Finding history on South Street
Let’s take a walk along South Street. In particular, let’s trace the footprints of black culture on the neighborhood. Penn students studying African-American history take WHYY News’ Danielle Fox to the homes of sociologist, race scholar, and civil rights activist W.E.B. Du Bois and Robert Adger, whose son would be the first black graduate at Penn. Du Bois made his mark in sociology as the first to illustrate structural racism and its effects combining his “research with census data to create visual illustrations of his findings in bar graphs,” writes ThoughtCo. Du Bois conducted more than 5,000 door-to-door interviews for his groundbreaking study “The Philadelphia Negro,” which, Fox writes, “unpacked how the legacy of slavery and the exclusion of African-Americans from the city’s top industrial jobs had shaped the condition of black people in the neighborhood.” The walk concludes with the former Standard Theatre, the first South Philly theatre primarily for the black community.
If you’re gonna do away with a sizable chunk of the oldest and most intact jewelry district in the country, you better make something worthwhile in its place. With its Jewelers Row tower, Toll Bros. royally fails to do this, Inga Saffron writes. The building that Toll plans to plunk down on Samson Street overlooking Washington Square was designed by a firm that “primarily turns out construction drawings for more polished architects,” robs the public and gives nothing in return for the “rich history that Toll is destroying.” Saffron rails at the lobotomized design, the “lifeless” product of a routinely and carelessly gutted work as a quick and cheap response to each critique from the Washington Square neighborhood association or design review board. And that’s if Toll builds it at all. Saffron speculates that the developer may very well flip the property once it has all the necessary approvals in hand, as it did the former Society Hill Playhouse. Back when the drawings were unveiled, Ashley Hahn asked SLCE Architects partner Jim Davidson the very fair question: But why should this be a background building? “Because it is a background building,” he said flatly.
Building in social impact
Two years in as the Philadelphia Redevelopment Authority executive director, Greg Heller talks with Hidden City’s Nathaniel Popkin about bringing “investment to undercapitalized neighborhoods” through a strategy that returns publicly owned land to active use in ways that benefit for people and communities. Heller, who joined city government after years working in the nonprofit development sector, describes a policy he introduced at PRA and has seen adopted by the Department of Planning and Development. “One small but powerful tool implemented by the city in real estate proposals citywide is requiring development partners to describe their project’s “social impact” when bidding on public land,” Heller said. Heller offers two examples of how the social impact approach is yielding results: a mixed-use development at 8th and Race streets in Chinatown will include affordable housing for seniors and a new office building where 25 public-interest law organizations will co-locate. Another project at 36th and Haverford in Mantua will include a community grocery store and affordable housing. “We didn’t require or define any of these [social impact] elements,” Heller said. We left the projects totally open-ended in the RFP, and the developers came up with these great community-serving projects and partnerships. We believe that the best results will come from incentivizing rather than legislating, showing that the City is a willing partner, and nudging the private sector to innovate.

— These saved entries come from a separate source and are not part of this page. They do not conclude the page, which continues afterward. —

definition mu_idx :: "(nat \<Rightarrow> nat) \<Rightarrow> nat \<Rightarrow> real \<Rightarrow> nat" where
  "mu_idx v k L = Min ((\<lambda>t. min (rho_idx v k L t) (lambda_idx v k L t)) ` lonely_times v k L)"

definition real_denom :: "real \<Rightarrow> int" where
  "real_denom t = snd (quotient_of (THE q. t = of_rat q))"

definition times_lcm :: "(nat \<Rightarrow> nat) \<Rightarrow> nat \<Rightarrow> real \<Rightarrow> int" where
  "times_lcm v k L = Lcm (real_denom ` lonely_times v k L)"

end

theory Submission
  imports Defs "HOL-Analysis.Analysis"
begin

text \<open>Write \<open>f(t) = min\<^sub>i \<parallel>t v\<^sub>i\<parallel>\<close> for the loneliness of the first \<open>k = n - 1\<close> runners, so
  \<open>L = max f\<close>. At a maximiser \<open>t\<close> some runner has fractional part exactly \<open>L\<close> and another
  exactly \<open>1 - L\<close>, so \<open>t (v\<^sub>a + v\<^sub>b) \<in> \<int>\<close>: the lonely times are finitely many rationals,
  and if \<open>D\<close> divides \<open>w\<close> the new runner of speed \<open>w\<close> is at an integer at each of them.
  Away from the lonely times \<open>f \<le> L - \<eta>\<close>. At distance \<open>\<sigma>\<close> from a lonely time the old runners
  give at most \<open>L - |\<sigma>| v\<^sub>\<mu>\<close> and the new one at most \<open>|\<sigma>| w\<close>, so for large \<open>w\<close> the extended
  loneliness is at most the crossing value \<open>w L / (w + v\<^sub>\<mu>)\<close>; it is attained at distance
  \<open>L / (w + v\<^sub>\<mu>)\<close> after a lonely time (or its reflection) at which \<open>v\<^sub>\<mu>\<close> is the fastest
  runner with fractional part \<open>1 - L\<close>.\<close>

lemma dist_int_frac: "dist_int x = min (frac x) (1 - frac x)"
  unfolding dist_int_def round_altdef frac_def
  by (cases "x \<in> \<int>") (auto simp: ceiling_altdef split: if_splits)

lemma dist_int_le_abs_diff: "dist_int x \<le> \<bar>x - of_int m\<bar>"
proof -
  have "m \<le> \<lfloor>x\<rfloor> \<or> \<lfloor>x\<rfloor> + 1 \<le> m" by linarith
  then show ?thesis
    unfolding dist_int_frac frac_def
    by (smt (verit) floor_le_iff le_floor_iff of_int_le_iff of_int_add of_int_1 floor_less_iff)
qed

lemma dist_int_le_add_abs_diff: "dist_int x \<le> dist_int y + \<bar>x - y\<bar>"
  using dist_int_le_abs_diff[of x "round y"] unfolding dist_int_def by linarith

lemma dist_int_add_of_int [simp]: "dist_int (x + of_int m) = dist_int x"
  unfolding dist_int_frac by simp

lemma dist_int_uminus [simp]: "dist_int (- x) = dist_int x"
  unfolding dist_int_frac frac_neg by (auto simp: min_def dest: frac_eq_0_iff[THEN iffD2])

lemma dist_int_le_half: "dist_int x \<le> 1/2"
  unfolding dist_int_frac min_def by auto

lemma dist_int_ge_iff: "c \<le> dist_int x \<longleftrightarrow> c \<le> frac x \<and> frac x \<le> 1 - c"
  unfolding dist_int_frac by auto

lemma dist_int_eq_self: "0 \<le> x \<Longrightarrow> x \<le> 1/2 \<Longrightarrow> dist_int x = x"
  unfolding dist_int_frac by (cases "x < 1") (auto simp: frac_eq)

lemma frac_add_small:
  assumes "0 \<le> b" "frac a + b < 1"
  shows "frac (a + b) = frac a + b"
proof -
  have "b < 1" using assms frac_ge_0[of a] by linarith
  then have "frac b = b" using assms by (simp add: frac_eq)
  then show ?thesis using assms frac_add[of a b] by simp
qed

lemma frac_diff_small:
  assumes "0 \<le> b" "b \<le> frac a"
  shows "frac (a - b) = frac a - b"
proof -
  have "frac (frac a - b) = frac a - b" using assms frac_lt_1[of a] by (simp add: frac_eq)
  moreover have "a - b = (frac a - b) + of_int \<lfloor>a\<rfloor>" unfolding frac_def by simp
  ultimately show ?thesis by (metis frac_add_of_int_right)
qed

lemma dist_int_add_of_frac_eq_1_minus:
  assumes "frac a = 1 - c" "0 \<le> b" "b < c" "c \<le> 1/2"
  shows "dist_int (a + b) = c - b"
  using assms frac_add_small[of b a] unfolding dist_int_frac by auto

Kenney’s budget for smarties
Meta rundown! What would a delayed reduction of the wage tax for residents to 3.84 percent in the next five years instead of the 3.7 percent laid out in the existing schedule mean for us taxpayers? And what would a hike in the real estate transfer tax to 4.45 percent mean for the city? How often does the city raise property taxes anyway? Mayor Kenney unveiled his latest budget proposal Thursday, read up on this quick rundown by the Philadelphia Inquirer’s Laura McCrystal to prepare yourself to be the budget know-it-all at the water cooler. Jake Blumgart has more details from the annual address, including specifics on plans to increase funding for clearing blight and a commitment of $60 million over five years to advance Vision Zero projects.